Interestingly, the authors throw out the popular notion of a "habitable zone" around stars. The idea might still prove useful in the search for earthlike habitats though. It is now recognized that the conventional habitable zone hypothesis is too restrictive, especially for hardy microbial life. Contemporary knowledge of planet formation indicates that planets (or large mooons) pass through an early accretion phase (through gravitational attraction). The infalling matter heats the forming body (kinetic energy). Since water is abundant, one would expect many bodies to pass a part of their existence with a water covered surface. Depending upon the size, chemical composition and distance from the star, millions to billions of years might pass before all the water was frozen. This might give life a chance to evolve, even if the body does not lie within the conventional "habitable zone". We might therefore find fossil microbial - perhaps macroscopic - life forms on Mars and some of the large moons of the outer solar system. Alternatively, on some cooling worlds microbial life (in particular) might be able to pull off the transiton from say, a saturated NH3 / H2O solution to another, low temperature, solvent like liquid ammonia, methane or nitrogen. Don't be TOO surprised if frigid Triton (a moon of Uranus covered with nitrogen snow) harbors microbes breeding in underground liquid nitrogen oceans using a free radical based chemistry (those nasty free radicals which our bodies spend so much effort destroying and which we attempt to destroy by popping anti-oxidant pills). At low temperatures, the chemical reactions our bodies use are too sluggish to fuel life. Free radical chemistry would fit the bill although at the temperatures our biology operates at free radical chemistry is "too hot to handle" and free radicals damage the integrity of infomation carrying biomolecules causing cellular aging and pre-cancerous genetic damage.
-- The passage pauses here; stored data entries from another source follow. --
theorem lemma4p5:
  fixes op :: "real^'n::finite \<Rightarrow> real^'n \<Rightarrow> real^'n"
    and ginv :: "real^'n \<Rightarrow> real^'n"
    and ex :: "'n \<Rightarrow> nat"
    and \<nu> :: "real^'n \<Rightarrow> real"
    and w :: "real^'n \<Rightarrow> real"
    and f :: "real \<Rightarrow> real"
  assumes grp: "hom_group op ginv ex"
    and nrm: "hom_norm ginv ex \<nu>"
    and w_loc: "locally_integrable w"
    and w_nonneg: "\<forall>x. w x \<ge> 0"
    and f_pos: "\<forall>t>0. f t > 0"
    and f_cont: "continuous_on {0<..} f"
    and f_mono: "mono_on {0<..} f"
    and f_zero: "(f \<longlongrightarrow> f 0) (at_right 0)"
    and fw_loc: "locally_integrable (\<lambda>x. f (w x))"
    and liminf0: "Liminf at_top (\<lambda>R::real.
        ereal ((LINT x:hball \<nu> R|lebesgue. f (w x)) / measure lebesgue (hball \<nu> R))) = 0"
  shows "(f \<longlongrightarrow> 0) (at_right 0) \<and> (\<forall>r>0. ess_inf_on lebesgue {x. \<nu> x > r} w = 0)"
proof -
  have ex1: "\<forall>i. ex i \<ge> 1" using grp unfolding hom_group_def by auto
  have f0_nonneg: "0 \<le> f 0"
    using f_pos by (intro tendsto_lowerbound[OF f_zero])
      (auto simp: eventually_at_right_field less_imp_le intro!: exI[of _ 1])
  have f0_le_fw: "f 0 \<le> f (w x)" for x
    using mono_on_at_right_limit_le[OF f_mono f_zero, of "w x"] w_nonneg
    by (cases "w x = 0") (auto simp: less_le)
  have lower_bound_nonpos: "a \<le> 0"
    if K: "K \<in> lmeasurable" and a: "0 \<le> a" and ge: "AE x in lebesgue. x \<notin> K \<longrightarrow> a \<le> f (w x)"
    for K a
    using Liminf_set_average_ge[OF hball_lmeasurable[OF nrm ex1]
        locally_integrable_imp_set_integrable_bounded[OF fw_loc bounded_hball[OF nrm ex1]]
        measure_hball_tendsto_at_top[OF nrm ex1] K a _ ge]
      f0_nonneg f0_le_fw liminf0 hball_lmeasurable[OF nrm ex1]
    by (auto intro: order.trans)
  have "f 0 = 0"
    using lower_bound_nonpos[of "{}" "f 0"] f0_nonneg f0_le_fw by simp
  moreover have "ess_inf_on lebesgue {x. \<nu> x > r} w = 0" if "r > 0" for r
  proof -
    have "c \<le> 0" if c: "AE x in lebesgue. x \<in> {x. \<nu> x > r} \<longrightarrow> c \<le> w x" for c
    proof (rule ccontr)
      assume "\<not> c \<le> 0"
      then have "0 < f c" and "AE x in lebesgue. x \<notin> {x. \<nu> x \<le> r} \<longrightarrow> f c \<le> f (w x)"
        using f_pos c f_mono by (auto simp: mono_on_def elim!: AE_mp)
      moreover have "{x. \<nu> x \<le> r} \<in> lmeasurable"
        using compact_hom_norm_le[OF nrm ex1] by (rule lmeasurable_compact)
      ultimately show False
        using lower_bound_nonpos[of "{x. \<nu> x \<le> r}" "f c"] by simp
    qed
    then show ?thesis
      unfolding ess_inf_on_def using w_nonneg by (intro cSup_eq_maximum) auto
  qed
  ultimately show ?thesis using f_zero by simp
qed

end
lemma I11_adjoint_QM:
  "I11_adjoint (QM p q r s) = QM (qcnj p) (- qcnj r) (- qcnj q) (qcnj s)"
  by (simp add: I11_adjoint_def I11_def qmstar_def qmmult_QM quat_ops_eq)

lemma Sp11_inverse:
  assumes "g \<in> Sp11"
  shows "qmmult (I11_adjoint g) g = qmid" "qmmult g (I11_adjoint g) = qmid"
    and "qminv g = I11_adjoint g"
proof -
  have I11_square: "qmmult I11 I11 = qmid"
    by (simp add: I11_def qmid_def qmmult_QM quat_ops_eq)
  have "qmmult (qmstar g) (qmmult I11 g) = I11" "invertible_qmat g"
    using assms by (simp_all add: Sp11_def flip: qmmult_assoc)
  then show left: "qmmult (I11_adjoint g) g = qmid"
    by (simp add: I11_adjoint_def qmmult_assoc I11_square)
  from \<open>invertible_qmat g\<close> obtain B where "qmmult g B = qmid"
    by (auto simp: invertible_qmat_def)
  then have "B = I11_adjoint g"
  proof -
    have "B = qmmult (qmmult (I11_adjoint g) g) B" using left by simp
    then show ?thesis using \<open>qmmult g B = qmid\<close> by (simp add: qmmult_assoc)
  qed
  with \<open>qmmult g B = qmid\<close> show right: "qmmult g (I11_adjoint g) = qmid" by simp
  show "qminv g = I11_adjoint g" using qminv_eqI[OF right left] .
qed

lemma Sp11_relations:
  assumes "QM p q r s \<in> Sp11"
  shows "qcnj p * p - qcnj r * r = 1" "qcnj p * q = qcnj r * s"
    and "p * qcnj p - q * qcnj q = 1" "s * qcnj s - r * qcnj r = 1"
proof -
  have "qmmult (qmmult (qmstar (QM p q r s)) I11) (QM p q r s) = I11"
    using assms by (simp add: Sp11_def)
  then show "qcnj p * p - qcnj r * r = 1" "qcnj p * q = qcnj r * s"
    by (simp_all add: qmstar_def I11_def qmmult_QM quat_ops_eq)
  show "p * qcnj p - q * qcnj q = 1" "s * qcnj s - r * qcnj r = 1"
    using Sp11_inverse(2)[OF assms]
    by (simp_all add: I11_adjoint_QM qmid_def qmmult_QM quat_ops_eq)
qed

lemma qmmult_qscalar_QM: "qmmult (qscalar h) (QM a b c d) = QM (h * a) (h * b) (h * c) (h * d)"
  by (simp add: qscalar_def qmmult_QM quat_ops_eq)

lemma qmmult_qscalar_qscalar:
  "qmmult (qscalar h) (qmmult (qscalar k) A) = qmmult (qscalar (h * k)) A"
  by (cases A) (simp add: qmmult_qscalar_QM mult.assoc)

lemma qmtrace_qscalar_conj:
  "qmtrace (qmmult (qmmult (qscalar h) A) (qscalar k)) = h * qmtrace A * k"
  by (cases A) (simp add: qmmult_qscalar_QM qscalar_def qmmult_QM qmtrace_def quat_ops_eq
      algebra_simps)

lemma qscalar_unit_inverse:
  assumes "h \<in> Sp1"
  shows "qmmult (qscalar h) (qscalar (qcnj h)) = qmid"
    and "qmmult (qscalar (qcnj h)) (qscalar h) = qmid"
  using assms
  by (simp_all add: Sp1_iff qscalar_def qmid_def qmmult_QM quat_ops_eq mult_qcnj qcnj_mult_self)

lemma Sp11_unit_scalar:
  assumes "h \<in> Sp1" "g \<in> Sp11"
  shows "qmmult (qscalar h) g \<in> Sp11"
    and "qminv (qmmult (qscalar h) g) = qmmult (I11_adjoint g) (qscalar (qcnj h))"
proof -
  let ?g = "qmmult (qscalar h) g" and ?B = "qmmult (I11_adjoint g) (qscalar (qcnj h))"
  have "qmmult ?g ?B = qmid" "qmmult ?B ?g = qmid"
    using Sp11_inverse(1,2)[OF assms(2)] qscalar_unit_inverse[OF assms(1)]
    by (simp_all add: qmmult_assoc flip: qmmult_assoc[of g] qmmult_assoc[of "qscalar (qcnj h)"])
  then show "qminv ?g = ?B" by (rule qminv_eqI)
  have "qmmult (qmmult (qmstar ?g) I11) ?g = qmmult (qmmult (qmstar g) I11) g"
  proof -
    have star: "qmstar ?g = qmmult (qmstar g) (qscalar (qcnj h))"
      by (cases g) (simp add: qmmult_qscalar_QM qmstar_def qscalar_def qmmult_QM quat_ops_eq
          qcnj_mult)
    have I11_commute:
      "qmmult (qscalar (qcnj h)) (qmmult I11 X) = qmmult I11 (qmmult (qscalar (qcnj h)) X)" for X
      by (cases X) (simp add: qscalar_def I11_def qmmult_QM quat_ops_eq)
    have "qscalar (qcnj h * h) = qmid"
      using assms(1) by (simp add: Sp1_iff qcnj_mult_self qscalar_def qmid_def quat_ops_eq)
    then show ?thesis
      by (simp add: star qmmult_assoc I11_commute qmmult_qscalar_qscalar)
  qed
  moreover have "invertible_qmat ?g"
    using \<open>qmmult ?g ?B = qmid\<close> \<open>qmmult ?B ?g = qmid\<close> by (auto simp: invertible_qmat_def)
  ultimately show "?g \<in> Sp11"
    using assms(2) by (simp add: Sp11_def)
qed

section \<open>SU(1,1)\<close>

definition su11_mat :: "complex \<Rightarrow> complex \<Rightarrow> qmat" where
  "su11_mat a b = QM (quat_of_complex a) (quat_of_complex b)
     (quat_of_complex (cnj b)) (quat_of_complex (cnj a))"

lemma su11_mat_mult:
  "qmmult (su11_mat a b) (su11_mat c d) = su11_mat (a * c + b * cnj d) (a * d + b * cnj c)"
  by (simp add: su11_mat_def qmmult_QM quat_eq_iff algebra_simps)

lemma su11_mat_1_0: "su11_mat 1 0 = qmid"
  by (simp add: su11_mat_def qmid_def quat_ops_eq quat_eq_iff)

lemma su11_mat_inverse:
  assumes "cnj a * a - cnj b * b = 1"
  shows "qmmult (su11_mat a b) (su11_mat (cnj a) (- b)) = qmid"
    and "qmmult (su11_mat (cnj a) (- b)) (su11_mat a b) = qmid"
  using assms by (simp_all add: su11_mat_mult su11_mat_1_0 algebra_simps)

lemma quat_is_real_qmtrace_su11_mat: "quat_is_real (qmtrace (su11_mat a b))"
  by (simp add: su11_mat_def qmtrace_def quat_ops_eq quat_is_real_def)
The authors conclude with a list of "biosignatures" and "geoindicators" - chemical species and landform modifications - which a satellite based remote life detection program might employ. The number of "hits" in our solar system is quite surprising.
This is a technical monograph - published by Springer Verlag - intended for a scientifically literate audience. Technical terms are generally not defined and there is no glossary. A few graphics lack clarity. On the whole, tight, very compact, generally well written. Excellent reading.